■ **WORK REQUEST**: When a line in the material contains the word "intro", copy it.

*** Opening of INPUT DATA ***

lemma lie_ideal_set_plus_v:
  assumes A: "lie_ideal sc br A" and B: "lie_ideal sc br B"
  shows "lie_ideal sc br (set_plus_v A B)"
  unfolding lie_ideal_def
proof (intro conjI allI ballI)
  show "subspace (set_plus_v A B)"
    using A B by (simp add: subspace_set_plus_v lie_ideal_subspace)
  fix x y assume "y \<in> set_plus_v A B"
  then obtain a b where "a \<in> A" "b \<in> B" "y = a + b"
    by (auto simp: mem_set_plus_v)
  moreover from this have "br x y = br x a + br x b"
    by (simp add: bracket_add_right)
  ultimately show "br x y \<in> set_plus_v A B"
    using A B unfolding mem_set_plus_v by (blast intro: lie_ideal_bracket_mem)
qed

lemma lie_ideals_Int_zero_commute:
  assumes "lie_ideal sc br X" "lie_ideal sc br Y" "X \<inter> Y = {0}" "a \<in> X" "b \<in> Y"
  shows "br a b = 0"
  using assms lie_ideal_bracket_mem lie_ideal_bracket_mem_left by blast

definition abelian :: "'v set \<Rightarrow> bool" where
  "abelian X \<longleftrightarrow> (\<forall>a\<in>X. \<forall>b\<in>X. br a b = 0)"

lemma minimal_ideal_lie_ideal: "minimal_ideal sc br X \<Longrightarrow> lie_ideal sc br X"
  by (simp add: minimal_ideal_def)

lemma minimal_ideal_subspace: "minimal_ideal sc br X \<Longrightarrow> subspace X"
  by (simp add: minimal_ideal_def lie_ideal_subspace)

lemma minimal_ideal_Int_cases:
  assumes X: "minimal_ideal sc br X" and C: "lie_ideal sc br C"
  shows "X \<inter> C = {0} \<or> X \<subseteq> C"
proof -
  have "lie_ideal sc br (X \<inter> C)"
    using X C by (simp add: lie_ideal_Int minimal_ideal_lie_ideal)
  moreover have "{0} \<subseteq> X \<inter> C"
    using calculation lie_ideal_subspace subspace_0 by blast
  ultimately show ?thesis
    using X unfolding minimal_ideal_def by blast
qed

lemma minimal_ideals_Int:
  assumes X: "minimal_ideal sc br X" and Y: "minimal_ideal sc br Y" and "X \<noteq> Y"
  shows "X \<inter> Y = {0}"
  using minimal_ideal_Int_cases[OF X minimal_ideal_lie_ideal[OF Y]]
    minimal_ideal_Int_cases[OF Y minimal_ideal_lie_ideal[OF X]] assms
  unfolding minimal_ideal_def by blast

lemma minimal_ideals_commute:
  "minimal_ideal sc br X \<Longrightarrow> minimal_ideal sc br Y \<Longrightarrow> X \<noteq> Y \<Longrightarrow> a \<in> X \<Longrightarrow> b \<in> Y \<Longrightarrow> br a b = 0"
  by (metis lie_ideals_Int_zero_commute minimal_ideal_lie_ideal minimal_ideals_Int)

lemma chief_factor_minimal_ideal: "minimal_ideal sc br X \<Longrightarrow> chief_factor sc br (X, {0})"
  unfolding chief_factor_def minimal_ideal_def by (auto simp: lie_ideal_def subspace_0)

*** Close of INPUT DATA ***
*** Opening of INPUT DATA ***

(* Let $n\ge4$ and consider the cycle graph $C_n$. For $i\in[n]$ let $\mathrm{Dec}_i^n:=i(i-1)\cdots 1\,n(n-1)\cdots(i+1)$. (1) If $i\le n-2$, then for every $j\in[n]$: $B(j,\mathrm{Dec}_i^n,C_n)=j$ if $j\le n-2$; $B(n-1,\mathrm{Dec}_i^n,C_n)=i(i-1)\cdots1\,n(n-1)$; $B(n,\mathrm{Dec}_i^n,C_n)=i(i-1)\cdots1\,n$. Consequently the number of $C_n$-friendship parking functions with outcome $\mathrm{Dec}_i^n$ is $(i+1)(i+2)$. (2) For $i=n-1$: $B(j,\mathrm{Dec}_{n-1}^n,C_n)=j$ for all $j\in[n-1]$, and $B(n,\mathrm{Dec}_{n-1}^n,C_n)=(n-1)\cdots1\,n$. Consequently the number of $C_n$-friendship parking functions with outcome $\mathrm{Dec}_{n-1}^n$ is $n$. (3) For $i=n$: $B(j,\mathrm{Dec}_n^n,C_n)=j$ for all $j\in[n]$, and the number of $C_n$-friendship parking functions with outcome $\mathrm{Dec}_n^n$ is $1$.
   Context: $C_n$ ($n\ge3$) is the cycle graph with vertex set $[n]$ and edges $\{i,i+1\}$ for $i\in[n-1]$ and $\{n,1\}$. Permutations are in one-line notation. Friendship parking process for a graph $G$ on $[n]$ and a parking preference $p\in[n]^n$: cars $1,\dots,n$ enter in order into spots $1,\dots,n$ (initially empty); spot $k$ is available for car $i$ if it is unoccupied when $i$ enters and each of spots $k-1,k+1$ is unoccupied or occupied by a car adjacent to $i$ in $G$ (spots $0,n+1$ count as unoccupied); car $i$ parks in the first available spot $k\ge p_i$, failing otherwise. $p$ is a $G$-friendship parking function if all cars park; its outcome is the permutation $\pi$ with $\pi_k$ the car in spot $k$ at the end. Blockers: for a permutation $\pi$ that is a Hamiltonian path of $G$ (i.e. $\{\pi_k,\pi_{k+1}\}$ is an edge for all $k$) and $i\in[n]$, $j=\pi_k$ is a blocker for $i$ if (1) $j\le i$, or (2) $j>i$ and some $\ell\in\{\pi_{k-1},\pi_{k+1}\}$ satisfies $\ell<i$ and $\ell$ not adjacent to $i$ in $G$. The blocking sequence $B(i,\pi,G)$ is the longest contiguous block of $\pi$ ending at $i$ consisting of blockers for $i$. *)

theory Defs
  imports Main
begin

*** Close of INPUT DATA ***

■ **THE ANSWER**:
proof (intro conjI allI ballI)
    using A B unfolding mem_set_plus_v by (blast intro: lie_ideal_bracket_mem)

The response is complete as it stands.